PROBLEM STATEMENT:
Working from the records below, repeat exactly the lines starting at the line that contains "using that mult_commute" and ending at the line that contains "by (metis mult_assoc mult_commute)", inclusive.

RECORDS FOR THE EXERCISE:
lemma dir_deriv_mult_lin:
  "dir_deriv y (mult_lin x p) = (\<lambda>a. (x \<bullet> y) * p a + mult_lin x (dir_deriv y p) a)"
proof
  fix a
  have "dir_deriv y (mult_lin x p) a
      = (\<Sum>i\<in>UNIV. y$i * mult_lin x (deriv_var i p) a) + (\<Sum>i\<in>UNIV. x$i * y$i * p a)"
    by (simp add: dir_deriv_def deriv_var_mult_lin distrib_left sum.distrib mult_ac)
  also have "(\<Sum>i\<in>UNIV. y$i * mult_lin x (deriv_var i p) a) = mult_lin x (dir_deriv y p) a"
    unfolding mult_lin_def dir_deriv_def mult_var_sum mult_var_scale sum_distrib_left
    by (subst sum.swap) (simp add: mult.left_commute)
  also have "(\<Sum>i\<in>UNIV. x$i * y$i * p a) = (x \<bullet> y) * p a"
    by (simp add: inner_vec_def sum_distrib_right)
  finally show "dir_deriv y (mult_lin x p) a = (x \<bullet> y) * p a + mult_lin x (dir_deriv y p) a"
    by simp
qed

lemma dir_deriv_mult_sqnorm:
  "dir_deriv x (mult_sqnorm p) = (\<lambda>a. 2 * mult_lin x p a + mult_sqnorm (dir_deriv x p) a)"
proof
  fix a
  have "dir_deriv x (mult_sqnorm p) a
      = (\<Sum>i\<in>UNIV. x$i * mult_sqnorm (deriv_var i p) a) + 2 * mult_lin x p a"
    by (simp add: dir_deriv_def deriv_var_mult_sqnorm distrib_left sum.distrib mult_lin_def
        sum_distrib_left mult.left_commute)
  also have "(\<Sum>i\<in>UNIV. x$i * mult_sqnorm (deriv_var i p) a) = mult_sqnorm (dir_deriv x p) a"
    unfolding mult_sqnorm_def dir_deriv_def mult_var_sum mult_var_scale sum_distrib_left
    by (subst sum.swap) simp
  finally show "dir_deriv x (mult_sqnorm p) a = 2 * mult_lin x p a + mult_sqnorm (dir_deriv x p) a"
    by simp
qed

lemma laplacian_mult_lin:
  "laplacian (mult_lin x p) = (\<lambda>a. 2 * dir_deriv x p a + mult_lin x (laplacian p) a)"
proof
  fix a
  have "laplacian (mult_lin x p) a
      = (\<Sum>i\<in>UNIV. mult_lin x (deriv_var i (deriv_var i p)) a) + 2 * dir_deriv x p a"
    by (simp add: laplacian_def deriv_var_mult_lin deriv_var_add deriv_var_scale sum.distrib
        dir_deriv_def sum_distrib_left)
  also have "(\<Sum>i\<in>UNIV. mult_lin x (deriv_var i (deriv_var i p)) a) = mult_lin x (laplacian p) a"
    unfolding mult_lin_def laplacian_def mult_var_sum sum_distrib_left by (subst sum.swap) simp
  finally show "laplacian (mult_lin x p) a = 2 * dir_deriv x p a + mult_lin x (laplacian p) a"
    by simp
qed

lemma euler_identity:
  "(\<Sum>i\<in>UNIV. mult_var i (deriv_var i p) a) = real (size a) * p (a :: 'v::finite multiset)"
proof -
  have "mult_var i (deriv_var i p) a = real (count a i) * p a" for i
    by (auto simp: mult_var_def deriv_var_def insert_DiffM not_in_iff)
  then show ?thesis
    by (simp add: size_eq_sum_count[of a] sum_distrib_right)
qed

lemma laplacian_mult_sqnorm:
  "laplacian (mult_sqnorm p)
     = (\<lambda>a. 2 * real CARD('v) * p a + 4 * real (size a) * p a + mult_sqnorm (laplacian p) a)"
  for p :: "'v::finite mpoly"
proof
  fix a :: "'v multiset"
  have "laplacian (mult_sqnorm p) a
      = (\<Sum>i\<in>UNIV. mult_sqnorm (deriv_var i (deriv_var i p)) a)
        + 4 * (\<Sum>i\<in>UNIV. mult_var i (deriv_var i p) a) + 2 * real CARD('v) * p a"
    by (simp add: laplacian_def deriv_var_mult_sqnorm deriv_var_add deriv_var_scale
        deriv_var_mult_var sum.distrib sum_distrib_left)
  also have "(\<Sum>i\<in>UNIV. mult_sqnorm (deriv_var i (deriv_var i p)) a) = mult_sqnorm (laplacian p) a"
    unfolding mult_sqnorm_def laplacian_def mult_var_sum by (subst sum.swap) simp
  finally show "laplacian (mult_sqnorm p) a
      = 2 * real CARD('v) * p a + 4 * real (size a) * p a + mult_sqnorm (laplacian p) a"
    by (simp add: euler_identity)
qed

section \<open>Zonal harmonics\<close>

definition gegen_a :: "nat \<Rightarrow> nat \<Rightarrow> real" where
  "gegen_a n m = (2 * real m + real n - 2) / (real m + real n - 2)"

definition gegen_b :: "nat \<Rightarrow> nat \<Rightarrow> real" where
  "gegen_b n m = real m / (real m + real n - 2)"

lemma gegen_Suc_Suc:
  "gegen n (Suc (Suc m)) t
     = gegen_a n (Suc m) * t * gegen n (Suc m) t - gegen_b n (Suc m) * gegen n m t"
  by (simp add: gegen_a_def gegen_b_def diff_divide_distrib)

lemma gegen_coeffs_1:
  assumes "n \<ge> 2" shows "2 * gegen_a n 1 - 2 * gegen_b n 1 = 2"
proof -
  have "2 * gegen_a n 1 - 2 * gegen_b n 1 = 2 * ((2 + real n - 2) - 1) / (1 + real n - 2)"
    by (simp add: gegen_a_def gegen_b_def diff_divide_distrib)
  also have "\<dots> = 2" using assms by (simp add: field_simps)
  finally show ?thesis .
qed

lemma gegen_coeffs_harmonic:
  "n \<ge> 2 \<Longrightarrow> 2 * real (Suc m) * gegen_a n (Suc m) = gegen_b n (Suc m) * (2 * real n + 4 * real m)"
  by (simp add: gegen_a_def gegen_b_def field_simps)

lemma gegen_coeffs_deriv_a:
  assumes "n \<ge> 2"
  shows "gegen_a n (Suc (Suc m)) * gegen_a n (Suc m) + gegen_a n (Suc (Suc m)) * real (Suc (Suc m))
     - 2 * gegen_b n (Suc (Suc m)) = real (Suc (Suc (Suc m))) * gegen_a n (Suc m)"
proof -
  define A where "A = real m + real n"
  have "A \<noteq> 0" "A - 1 \<noteq> 0" using assms by (auto simp: A_def)
  moreover have e: "gegen_a n (Suc (Suc m)) = (A + m + 2) / A"
    "gegen_a n (Suc m) = (A + m) / (A - 1)"
    "gegen_b n (Suc (Suc m)) = (m + 2) / A"
    by (simp_all add: gegen_a_def gegen_b_def A_def algebra_simps)
  ultimately show ?thesis unfolding e by (simp add: field_simps)
qed
lemma Z_eventually_ge:
  assumes "0 < \<epsilon>"
  shows "eventually (\<lambda>t. 1/2 - \<epsilon> \<le> Z t) at_top"
proof -
  have "eventually (\<lambda>t. 1/2 - min \<epsilon> (1/4) \<le> Z t) at_top"
    by (rule Z_eventually_close_to_half) (use assms in auto)
  then show ?thesis
    by (rule eventually_mono) (use min.cobounded1[of \<epsilon> "1/4"] in linarith)
qed

end

theorem mainTheorem16:
  fixes N1 N2 N3 Sp Sm :: "real \<Rightarrow> real"
  assumes "WH_solution N1 N2 N3 Sp Sm"
    and "\<forall>t. N1 t < 0" and "\<forall>t. N2 t > 0" and "\<forall>t. N3 t > 0"
  shows "\<forall>\<epsilon>>0. \<exists>T. \<forall>\<tau>\<ge>T. - N1 \<tau> * (N2 \<tau> + N3 \<tau>) \<ge> 1/2 - \<epsilon>"
proof -
  interpret WH_VIII_orbit N1 N2 N3 Sp Sm
    using assms by unfold_locales auto
  show ?thesis
    using Z_eventually_ge unfolding Z_def eventually_at_top_linorder by blast
qed

end
(* Let $L$ be a sharp C-lattice and $p\in L$ a prime element. Then the localization $L_p$ is sharp.
   Context: A multiplicative lattice is a complete lattice $(L,\le)$ with bottom $0$ and top $1$ which is also a commutative monoid with identity $1$ such that $a(\bigvee_\alpha b_\alpha)=\bigvee_\alpha(ab_\alpha)$ for all $a,b_\alpha\in L$. An element $c$ is compact if $c\le\bigvee S$ implies $c\le\bigvee T$ for some finite $T\subseteq S$. A C-lattice is a multiplicative lattice in which $1$ is compact, the product of two compact elements is compact, and every element is a join of compact elements; let $L^*$ denote its set of compact elements. A proper element $p\neq1$ is prime if $xy\le p$ implies $x\le p$ or $y\le p$. For $p$ prime and $x\in L$, $x_p=\bigvee\{a\in L^*: as\le x \text{ for some } s\in L^* \text{ with } s\not\le p\}$, and $L_p=\{x_p: x\in L\}$ is a lattice with multiplication $(x,y)\mapsto(xy)_p$, join $\{b_\alpha\}\mapsto(\bigvee b_\alpha)_p$ and meet $\{b_\alpha\}\mapsto(\bigwedge b_\alpha)_p$. A lattice $M$ is sharp if whenever $a_1a_2\le b$ in $M$, there exist $b_1,b_2\in M$ with $a_i\le b_i$ ($i=1,2$) and $b=b_1b_2$. *)

theory Defs
  imports Main
begin

definition mult_lattice :: "('a::complete_lattice \<Rightarrow> 'a \<Rightarrow> 'a) \<Rightarrow> bool" where
  "mult_lattice m \<longleftrightarrow>
     (\<forall>a b c. m (m a b) c = m a (m b c)) \<and>
     (\<forall>a b. m a b = m b a) \<and>
     (\<forall>a. m a top = a) \<and>
     (\<forall>a B. m a (Sup B) = Sup ((m a) ` B))"

definition compact_el :: "'a::complete_lattice \<Rightarrow> bool" where
  "compact_el c \<longleftrightarrow> (\<forall>S. c \<le> Sup S \<longrightarrow> (\<exists>T. T \<subseteq> S \<and> finite T \<and> c \<le> Sup T))"

definition C_lattice :: "('a::complete_lattice \<Rightarrow> 'a \<Rightarrow> 'a) \<Rightarrow> bool" where
  "C_lattice m \<longleftrightarrow> mult_lattice m \<and> compact_el (top::'a) \<and>
     (\<forall>a b. compact_el a \<and> compact_el b \<longrightarrow> compact_el (m a b)) \<and>
     (\<forall>x::'a. x = Sup {c. compact_el c \<and> c \<le> x})"

definition prime_el :: "('a::complete_lattice \<Rightarrow> 'a \<Rightarrow> 'a) \<Rightarrow> 'a \<Rightarrow> bool" where
  "prime_el m p \<longleftrightarrow> p \<noteq> top \<and> (\<forall>x y. m x y \<le> p \<longrightarrow> x \<le> p \<or> y \<le> p)"

definition loc :: "('a::complete_lattice \<Rightarrow> 'a \<Rightarrow> 'a) \<Rightarrow> 'a \<Rightarrow> 'a \<Rightarrow> 'a" where
  "loc m p x = Sup {a. compact_el a \<and> (\<exists>s. compact_el s \<and> \<not> s \<le> p \<and> m a s \<le> x)}"

definition Lp :: "('a::complete_lattice \<Rightarrow> 'a \<Rightarrow> 'a) \<Rightarrow> 'a \<Rightarrow> 'a set" where
  "Lp m p = range (loc m p)"

definition sharp_on :: "'a::order set \<Rightarrow> ('a \<Rightarrow> 'a \<Rightarrow> 'a) \<Rightarrow> bool" where
  "sharp_on M mm \<longleftrightarrow> (\<forall>a1\<in>M. \<forall>a2\<in>M. \<forall>b\<in>M. mm a1 a2 \<le> b \<longrightarrow>
     (\<exists>b1\<in>M. \<exists>b2\<in>M. a1 \<le> b1 \<and> a2 \<le> b2 \<and> b = mm b1 b2))"

definition sharp :: "('a::complete_lattice \<Rightarrow> 'a \<Rightarrow> 'a) \<Rightarrow> bool" where
  "sharp m \<longleftrightarrow> sharp_on UNIV m"

end

theory Submission
  imports Defs
begin

text \<open>Sharpness passes to the image of any extensive, idempotent operator \<open>c\<close> with
\<open>c (c x * c y) = c (x * y)\<close>: if \<open>c (a\<^sub>1 a\<^sub>2) \<le> b = c b\<close>, factor \<open>b = b\<^sub>1 b\<^sub>2\<close> in the ambient
lattice, and then \<open>b = c (c b\<^sub>1 * c b\<^sub>2)\<close>. The localization \<open>x \<mapsto> x\<^sub>p\<close> is such an operator.
The key fact is that a compact \<open>a\<close> lies below \<open>x\<^sub>p\<close> iff \<open>a s \<le> x\<close> for some compact
\<open>s \<notin> p\<close>: by compactness only finitely many witnesses are needed, and their product is
again a compact witness since \<open>p\<close> is prime.\<close>

lemma sharp_on_range_closure:
  fixes m :: "'a::order \<Rightarrow> 'a \<Rightarrow> 'a" and c :: "'a \<Rightarrow> 'a"
  assumes "sharp_on UNIV m"
    and le_closure: "\<And>x. x \<le> c x"
    and closure_idem: "\<And>x. c (c x) = c x"
    and closure_mult: "\<And>x y. c (m (c x) (c y)) = c (m x y)"
  shows "sharp_on (range c) (\<lambda>x y. c (m x y))"
  unfolding sharp_on_def
proof (intro ballI impI)
  fix a1 a2 b
  assume "b \<in> range c" and "c (m a1 a2) \<le> b"
  then have "m a1 a2 \<le> b" using le_closure order_trans by blast
  then obtain b1 b2 where "a1 \<le> b1" "a2 \<le> b2" "b = m b1 b2"
    using assms(1) unfolding sharp_on_def by blast
  moreover have "b = c b"
    using \<open>b \<in> range c\<close> closure_idem by auto
  ultimately have "b = c (m (c b1) (c b2))"
    by (simp add: closure_mult)
  moreover have "a1 \<le> c b1" "a2 \<le> c b2"
    using \<open>a1 \<le> b1\<close> \<open>a2 \<le> b2\<close> le_closure order_trans by blast+
  ultimately show "\<exists>b1\<in>range c. \<exists>b2\<in>range c. a1 \<le> b1 \<and> a2 \<le> b2 \<and> b = c (m b1 b2)"
    by blast
qed

locale multiplicative_lattice =
  fixes m :: "'a::complete_lattice \<Rightarrow> 'a \<Rightarrow> 'a"
  assumes mult_lattice: "mult_lattice m"
begin

lemma mult_assoc: "m (m a b) c = m a (m b c)"
  using mult_lattice unfolding mult_lattice_def by blast

lemma mult_commute: "m a b = m b a"
  using mult_lattice unfolding mult_lattice_def by blast

lemma mult_top_right: "m a top = a"
  using mult_lattice unfolding mult_lattice_def by blast

lemma mult_Sup_right: "m a (Sup B) = Sup (m a ` B)"
  using mult_lattice unfolding mult_lattice_def by blast

lemma mult_mono_right:
  assumes "b \<le> c"
  shows "m a b \<le> m a c"
proof -
  have "m a c = m a (Sup {b, c})"
    using assms by (simp add: sup.absorb2)
  also have "\<dots> = sup (m a b) (m a c)"
    unfolding mult_Sup_right by simp
  finally show ?thesis
    by (metis sup.cobounded1)
qed

lemma mult_mono: "a \<le> a' \<Longrightarrow> b \<le> b' \<Longrightarrow> m a b \<le> m a' b'"
  by (metis mult_commute mult_mono_right order_trans)

lemma mult_le_left: "m a b \<le> a"
  by (metis mult_mono_right top_greatest mult_top_right)

end

locale c_lattice =
  fixes m :: "'a::complete_lattice \<Rightarrow> 'a \<Rightarrow> 'a"
  assumes C_lattice: "C_lattice m"

sublocale c_lattice \<subseteq> multiplicative_lattice
  using C_lattice by unfold_locales (simp add: C_lattice_def)

context c_lattice
begin

lemma compact_top: "compact_el (top :: 'a)"
  using C_lattice by (simp add: C_lattice_def)

lemma compact_mult: "compact_el a \<Longrightarrow> compact_el b \<Longrightarrow> compact_el (m a b)"
  using C_lattice by (simp add: C_lattice_def)

lemma Sup_compact_below: "Sup {c. compact_el c \<and> c \<le> x} = (x :: 'a)"
  using C_lattice[unfolded C_lattice_def, THEN conjunct2, THEN conjunct2, THEN conjunct2,
      rule_format, of x]
  by (rule sym)

lemma mult_eq_Sup_compact_products:
  "m x y = Sup {m c d | c d. compact_el c \<and> c \<le> x \<and> compact_el d \<and> d \<le> y}"
  (is "_ = Sup ?P")
proof (rule antisym)
  have "m d x \<le> Sup ?P" if "compact_el d" "d \<le> y" for d
  proof -
    have "m d x = Sup (m d ` {c. compact_el c \<and> c \<le> x})"
      by (subst (1) Sup_compact_below[symmetric]) (rule mult_Sup_right)
    also have "\<dots> \<le> Sup ?P"
      using that mult_commute by (intro Sup_subset_mono image_subsetI) blast
    finally show ?thesis .
  qed
  then have "Sup (m x ` {d. compact_el d \<and> d \<le> y}) \<le> Sup ?P"
    by (auto intro!: SUP_least simp only: mult_commute[of x])
  then show "m x y \<le> Sup ?P"
    by (subst (1) Sup_compact_below[symmetric]) (simp only: mult_Sup_right)
  show "Sup ?P \<le> m x y"
    by (rule Sup_least) (auto intro: mult_mono)
qed

end

locale localization_at_prime = c_lattice +
  fixes p :: "'a::complete_lattice"
  assumes prime: "prime_el m p"
begin

lemma top_not_le_prime: "\<not> top \<le> p"
  using prime unfolding prime_el_def using top.extremum_unique by blast

lemma mult_not_le_prime: "\<not> s \<le> p \<Longrightarrow> \<not> u \<le> p \<Longrightarrow> \<not> m s u \<le> p"
  using prime unfolding prime_el_def by blast

text \<open>\<open>loc_witnessed x a\<close> says that \<open>a/1 \<in> x\<^sub>p\<close>, in ring-theoretic language.\<close>

definition loc_witnessed :: "'a \<Rightarrow> 'a \<Rightarrow> bool" where
  "loc_witnessed x a \<longleftrightarrow> (\<exists>s. compact_el s \<and> \<not> s \<le> p \<and> m a s \<le> x)"

lemma loc_eq_Sup_witnessed: "loc m p x = Sup {a. compact_el a \<and> loc_witnessed x a}"
  unfolding loc_def loc_witnessed_def by simp

lemma loc_witnessed_mult_witness:
  assumes "loc_witnessed x (m a s)" "compact_el s" "\<not> s \<le> p"
  shows "loc_witnessed x a"
proof -
  obtain u where "compact_el u" "\<not> u \<le> p" "m (m a s) u \<le> x"
    using assms(1) unfolding loc_witnessed_def by blast
  then show ?thesis
    using assms(2,3) compact_mult mult_not_le_prime mult_assoc
    unfolding loc_witnessed_def by metis
qed

lemma loc_witnessed_mult:
  assumes "loc_witnessed x a" "loc_witnessed y b"
  shows "loc_witnessed (m x y) (m a b)"
proof -
  obtain s where s: "compact_el s" "\<not> s \<le> p" "m a s \<le> x"
    using assms(1) unfolding loc_witnessed_def by blast
  obtain t where t: "compact_el t" "\<not> t \<le> p" "m b t \<le> y"
    using assms(2) unfolding loc_witnessed_def by blast
  have "m (m a b) (m s t) = m (m a s) (m b t)"
    by (metis mult_assoc mult_commute)
  also have "\<dots> \<le> m x y"
    using s t by (simp add: mult_mono)
  finally show ?thesis
    using s t compact_mult mult_not_le_prime unfolding loc_witnessed_def by blast
qed

lemma loc_witnessed_common_witness:
  assumes "finite T" "\<forall>a\<in>T. loc_witnessed x a"
  shows "\<exists>s. compact_el s \<and> \<not> s \<le> p \<and> (\<forall>a\<in>T. m a s \<le> x)"
  using assms
proof (induction T rule: finite_induct)
  case empty
  then show ?case using compact_top top_not_le_prime by blast
next
  case (insert a T)
  then obtain s where s: "compact_el s" "\<not> s \<le> p" "\<forall>b\<in>T. m b s \<le> x"
    by blast
  obtain u where u: "compact_el u" "\<not> u \<le> p" "m a u \<le> x"
    using insert.prems unfolding loc_witnessed_def by blast
  have "m a (m s u) \<le> m a u"
    by (metis mult_commute mult_le_left mult_mono_right)
  moreover have "m b (m s u) \<le> m b s" for b
    by (simp add: mult_le_left mult_mono_right)
  ultimately have "\<forall>b\<in>insert a T. m b (m s u) \<le> x"
    using s(3) u(3) by (auto intro: order_trans)
  moreover have "compact_el (m s u)" "\<not> m s u \<le> p"
    using s u by (simp_all add: compact_mult mult_not_le_prime)
  ultimately show ?case
    by blast
qed

lemma loc_witnessed_below_Sup:
  assumes "compact_el a" "a \<le> Sup S" "\<forall>b\<in>S. loc_witnessed x b"
  shows "loc_witnessed x a"
proof -
  obtain T where T: "T \<subseteq> S" "finite T" "a \<le> Sup T"
    using assms(1,2) unfolding compact_el_def by blast
  then obtain s where s: "compact_el s" "\<not> s \<le> p" "\<forall>b\<in>T. m b s \<le> x"
    using loc_witnessed_common_witness assms(3) by (meson subsetD)
  have "m a s \<le> m s (Sup T)"
    using T(3) by (metis mult_commute mult_mono_right)
  also have "\<dots> \<le> x"
    using s(3) by (auto simp: mult_Sup_right mult_commute intro!: Sup_least)
  finally show ?thesis
    using s(1,2) unfolding loc_witnessed_def by blast
qed

lemma compact_le_loc_iff:
  assumes "compact_el a"
  shows "a \<le> loc m p x \<longleftrightarrow> loc_witnessed x a"
  using assms loc_witnessed_below_Sup[of a _ x]
  by (auto simp: loc_eq_Sup_witnessed intro: Sup_upper)

lemma le_loc: "x \<le> loc m p x"
proof -
  have "c \<le> x \<Longrightarrow> loc_witnessed x c" for c
    using compact_top top_not_le_prime by (auto simp: loc_witnessed_def mult_top_right)
  then have "Sup {c. compact_el c \<and> c \<le> x} \<le> loc m p x"
    unfolding loc_eq_Sup_witnessed by (auto intro: Sup_subset_mono)
  then show ?thesis
    by (simp add: Sup_compact_below)
qed

lemma loc_mono: "x \<le> y \<Longrightarrow> loc m p x \<le> loc m p y"
  unfolding loc_eq_Sup_witnessed loc_witnessed_def
  by (auto intro!: Sup_subset_mono intro: order_trans)

lemma loc_idem: "loc m p (loc m p x) = loc m p x"
proof (rule antisym)
  have "a \<le> loc m p x" if a: "compact_el a" "loc_witnessed (loc m p x) a" for a
  proof -
    obtain s where s: "compact_el s" "\<not> s \<le> p" "m a s \<le> loc m p x"
      using a(2) unfolding loc_witnessed_def by blast
    then have "loc_witnessed x (m a s)"
      using a(1) compact_mult compact_le_loc_iff by blast
    then show ?thesis
      using a(1) s(1,2) compact_le_loc_iff loc_witnessed_mult_witness by blast
  qed
  then show "loc m p (loc m p x) \<le> loc m p x"
    unfolding loc_eq_Sup_witnessed[of "loc m p x"] by (blast intro: Sup_least)
qed (rule le_loc)

lemma mult_loc_le_loc_mult: "m (loc m p x) (loc m p y) \<le> loc m p (m x y)"
proof -
  have "m c d \<le> loc m p (m x y)"
    if "compact_el c" "c \<le> loc m p x" "compact_el d" "d \<le> loc m p y" for c d
    using that compact_mult compact_le_loc_iff loc_witnessed_mult by simp
  then show ?thesis
    by (subst mult_eq_Sup_compact_products) (blast intro: Sup_least)
qed

lemma loc_mult_loc: "loc m p (m (loc m p x) (loc m p y)) = loc m p (m x y)"
proof (rule antisym)
  show "loc m p (m (loc m p x) (loc m p y)) \<le> loc m p (m x y)"
    using loc_mono[OF mult_loc_le_loc_mult] by (simp add: loc_idem)
  show "loc m p (m x y) \<le> loc m p (m (loc m p x) (loc m p y))"
    by (intro loc_mono mult_mono le_loc)
qed

end

theorem lemma2p6:
  fixes m :: "'a::complete_lattice \<Rightarrow> 'a \<Rightarrow> 'a" and p :: 'a
  assumes "C_lattice m" and "sharp m" and "prime_el m p"
  shows "sharp_on (Lp m p) (\<lambda>x y. loc m p (m x y))"
proof -
  interpret localization_at_prime m p
    using assms(1,3) by unfold_locales
  show ?thesis
    unfolding Lp_def
    using assms(2)[unfolded sharp_def] le_loc loc_idem loc_mult_loc
    by (rule sharp_on_range_closure)
qed

end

YOUR RESPONSE:
      using that mult_commute by (intro Sup_subset_mono image_subsetI) blast
    finally show ?thesis .
  qed
  then have "Sup (m x ` {d. compact_el d \<and> d \<le> y}) \<le> Sup ?P"
    by (auto intro!: SUP_least simp only: mult_commute[of x])
  then show "m x y \<le> Sup ?P"
    by (subst (1) Sup_compact_below[symmetric]) (simp only: mult_Sup_right)
  show "Sup ?P \<le> m x y"
    by (rule Sup_least) (auto intro: mult_mono)
qed

end

locale localization_at_prime = c_lattice +
  fixes p :: "'a::complete_lattice"
  assumes prime: "prime_el m p"
begin

lemma top_not_le_prime: "\<not> top \<le> p"
  using prime unfolding prime_el_def using top.extremum_unique by blast

lemma mult_not_le_prime: "\<not> s \<le> p \<Longrightarrow> \<not> u \<le> p \<Longrightarrow> \<not> m s u \<le> p"
  using prime unfolding prime_el_def by blast

text \<open>\<open>loc_witnessed x a\<close> says that \<open>a/1 \<in> x\<^sub>p\<close>, in ring-theoretic language.\<close>

definition loc_witnessed :: "'a \<Rightarrow> 'a \<Rightarrow> bool" where
  "loc_witnessed x a \<longleftrightarrow> (\<exists>s. compact_el s \<and> \<not> s \<le> p \<and> m a s \<le> x)"

lemma loc_eq_Sup_witnessed: "loc m p x = Sup {a. compact_el a \<and> loc_witnessed x a}"
  unfolding loc_def loc_witnessed_def by simp

lemma loc_witnessed_mult_witness:
  assumes "loc_witnessed x (m a s)" "compact_el s" "\<not> s \<le> p"
  shows "loc_witnessed x a"
proof -
  obtain u where "compact_el u" "\<not> u \<le> p" "m (m a s) u \<le> x"
    using assms(1) unfolding loc_witnessed_def by blast
  then show ?thesis
    using assms(2,3) compact_mult mult_not_le_prime mult_assoc
    unfolding loc_witnessed_def by metis
qed

lemma loc_witnessed_mult:
  assumes "loc_witnessed x a" "loc_witnessed y b"
  shows "loc_witnessed (m x y) (m a b)"
proof -
  obtain s where s: "compact_el s" "\<not> s \<le> p" "m a s \<le> x"
    using assms(1) unfolding loc_witnessed_def by blast
  obtain t where t: "compact_el t" "\<not> t \<le> p" "m b t \<le> y"
    using assms(2) unfolding loc_witnessed_def by blast
  have "m (m a b) (m s t) = m (m a s) (m b t)"
    by (metis mult_assoc mult_commute)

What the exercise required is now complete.